Two weeks ago, Pin Zhu Zheng, who says she worked 69 hours a week behind a steam table at a Chinatown restaurant on Centre Street, presented herself at a New York State office to report what seemed to be flagrant lawbreaking by her former bosses.
“The first day of the month, they pay $1,500 cash,” Ms. Zheng, 55, said in an interview on Thursday.
“Everyone got the same.”
That works out to about $5 an hour for a six-day workweek that ran from 9:30 a.m. to 9 p.m.; the law requires a minimum wage of $7.25 an hour for the first 40 hours a week. After that, workers must be paid time and a half, or a minimum of $10.88 an hour.
“The Labor Department person told me that I had to wait a year for the follow-up,” Ms. Zheng said through a translator.

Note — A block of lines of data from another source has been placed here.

lemma seq_list_act_max_first:
  assumes T: "\<sigma> \<in> Tperm (Suc m)" and max_first: "\<sigma> 1 = Suc m" and "0 < m"
  shows "seq_list (Suc m) (act \<sigma> s) = seq_list m (act (perm_tail m \<sigma>) (\<lambda>i. s (Suc i))) @ [s 1]"
proof -
  have P: "\<sigma> permutes {1..Suc m}" using T by (rule Tperm_permutes)
  have P': "perm_tail m \<sigma> permutes {1..m}"
    using Tperm_perm_tail[OF assms] by (rule Tperm_permutes)
  have "act \<sigma> s k = act (perm_tail m \<sigma>) (\<lambda>i. s (Suc i)) k" if k: "k \<in> {1..m}" for k
  proof -
    define x where "x = inv (perm_tail m \<sigma>) k"
    have "x \<in> {1..m}" "perm_tail m \<sigma> x = k"
      using k permutes_in_image[OF permutes_inv[OF P']] permutes_inverses(1)[OF P']
      by (auto simp: x_def)
    then have "\<sigma> (Suc x) = k" unfolding perm_tail_def by auto
    then have "inv \<sigma> k = Suc x" using permutes_inv_eq[OF P] by blast
    then show ?thesis unfolding act_def x_def by simp
  qed
  moreover have "inv \<sigma> (Suc m) = 1"
    using permutes_inv_eq[OF P] max_first by blast
  then have "act \<sigma> s (Suc m) = s 1" by (simp add: act_def)
  ultimately show ?thesis
    unfolding seq_list_Suc by (simp add: seq_list_eq_iff seq_eq_def)
qed

lemma Tperm_perm_cons:
  assumes T: "\<sigma> \<in> Tperm m"
  shows "perm_cons m \<sigma> \<in> Tperm (Suc m)" "perm_cons m \<sigma> 1 = Suc m" "perm_tail m (perm_cons m \<sigma>) = \<sigma>"
proof -
  obtain t where P: "\<sigma> permutes {1..m}" and t: "t \<in> {1..m}" and t1: "\<sigma> t = 1"
    and dec: "\<And>i j. 1 \<le> i \<Longrightarrow> i < j \<Longrightarrow> j \<le> t \<Longrightarrow> \<sigma> j < \<sigma> i"
    and inc: "\<And>i j. t \<le> i \<Longrightarrow> i < j \<Longrightarrow> j \<le> m \<Longrightarrow> \<sigma> i < \<sigma> j"
    by (rule TpermE[OF T]) blast
  let ?\<pi> = "perm_cons m \<sigma>"
  have range: "\<sigma> i \<in> {1..m}" if "i \<in> {1..m}" for i
    using permutes_in_image[OF P] that by blast
  show "?\<pi> 1 = Suc m" unfolding perm_cons_def by simp
  show "perm_tail m ?\<pi> = \<sigma>"
    using permutes_not_in[OF P] by (auto simp: perm_tail_def perm_cons_def)
  have range_cons: "?\<pi> i \<in> {1..m}" if "i \<in> {1..Suc m}" "i \<noteq> 1" for i
  proof -
    have "i - 1 \<in> {1..m}" using that by auto
    then show ?thesis using range that by (simp add: perm_cons_def)
  qed
  have inj: "inj_on ?\<pi> {1..Suc m}"
  proof (rule inj_onI)
    fix x y assume x: "x \<in> {1..Suc m}" and y: "y \<in> {1..Suc m}" and eq: "?\<pi> x = ?\<pi> y"
    have "x \<noteq> 1 \<Longrightarrow> y \<noteq> 1 \<Longrightarrow> x - 1 = y - 1"
      using eq x y permutes_inj[OF P] by (auto simp: perm_cons_def dest: injD)
    then show "x = y"
      using eq x y range_cons \<open>?\<pi> 1 = Suc m\<close> by (cases "x = 1"; cases "y = 1") force+
  qed
  have "?\<pi> ` {1..Suc m} \<subseteq> {1..Suc m}"
    using range_cons \<open>?\<pi> 1 = Suc m\<close> by fastforce
  with inj have "?\<pi> ` {1..Suc m} = {1..Suc m}" by (intro endo_inj_surj) auto
  with inj have P': "?\<pi> permutes {1..Suc m}"
    by (intro bij_imp_permutes) (auto simp: bij_betw_def perm_cons_def)
  have t': "Suc t \<in> {1..Suc m}" using t by auto
  show "?\<pi> \<in> Tperm (Suc m)"
  proof (rule TpermI[OF P' t'])
    show "?\<pi> (Suc t) = 1" using t t1 unfolding perm_cons_def by auto
  next
    fix i j assume ij: "1 \<le> i" "i < j" "j \<le> Suc t"
    show "?\<pi> j < ?\<pi> i"
    proof (cases "i = 1")
      case True
      have "?\<pi> j \<in> {1..m}" using range_cons[of j] ij t by auto
      with True \<open>?\<pi> 1 = Suc m\<close> show ?thesis by auto
    next
      case False
      then show ?thesis using dec[of "i - 1" "j - 1"] ij t unfolding perm_cons_def by auto
    qed
  next
    fix i j assume "Suc t \<le> i" "i < j" "j \<le> Suc m"
    then show "?\<pi> i < ?\<pi> j" using inc[of "i - 1" "j - 1"] t unfolding perm_cons_def by auto
  qed
qed

lemma pop_order_seq_list_act:
  assumes "\<sigma> \<in> Tperm m"
  shows "pop_order (seq_list m s) (rev (seq_list m (act \<sigma> s)))"
  using assms
proof (induction m arbitrary: \<sigma> s)
  case 0
  then show ?case by (simp add: Tperm_def)
next
  case (Suc m)
  have P: "\<sigma> permutes {1..Suc m}" using Suc.prems by (rule Tperm_permutes)
  consider "m = 0" | "0 < m" "\<sigma> 1 = Suc m" | "0 < m" "\<sigma> (Suc m) = Suc m"
    using Tperm_max_at_end[OF Suc.prems] by blast
  then show ?case
  proof cases
    case 1
    then have "\<sigma> 1 = 1" using permutes_in_image[OF P, of 1] by simp
    then have "inv \<sigma> 1 = 1" using permutes_inv_eq[OF P] by blast
    with 1 show ?thesis by (simp add: seq_list_def act_def pop_order_refl)
  next
    case 2
    have "rev (seq_list (Suc m) (act \<sigma> s)) = s 1 # rev (seq_list m (act (perm_tail m \<sigma>) (\<lambda>i. s (Suc i))))"
      by (simp add: seq_list_act_max_first[OF Suc.prems 2(2,1)])
    with Suc.IH[OF Tperm_perm_tail[OF Suc.prems 2(2,1)]] show ?thesis
      by (simp add: seq_list_Suc_Cons pop_hd)
  next
    case 3
    have "rev (seq_list (Suc m) (act \<sigma> s)) = s (Suc m) # rev (seq_list m (act \<sigma> s))"
      by (simp add: seq_list_act_fixed_last[OF P 3(2)])
    with Suc.IH[OF Tperm_restrict[OF Suc.prems 3(2,1)]] show ?thesis
      by (simp add: seq_list_Suc pop_last)
  qed
qed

But what good is a minimum wage law if it takes forever to enforce it? Complaints with the State Labor Department about wage and hour violations were stacked 14,000 high at the end of July, according to documents obtained by the Urban Justice Center through a freedom of information request.
In May 2012, the records showed, 44 percent of the cases had been open for more than a year, said David Colodny, a lawyer with the center.
Carlos Rodriguez, 28, said he made $4.40 an hour in a pizza franchise on the Upper East Side of Manhattan, cutting vegetables, cleaning, unloading trucks by day and making deliveries at night. “We paid for the uniform, the hat, the T-shirt, the pants, the shoes,” Mr....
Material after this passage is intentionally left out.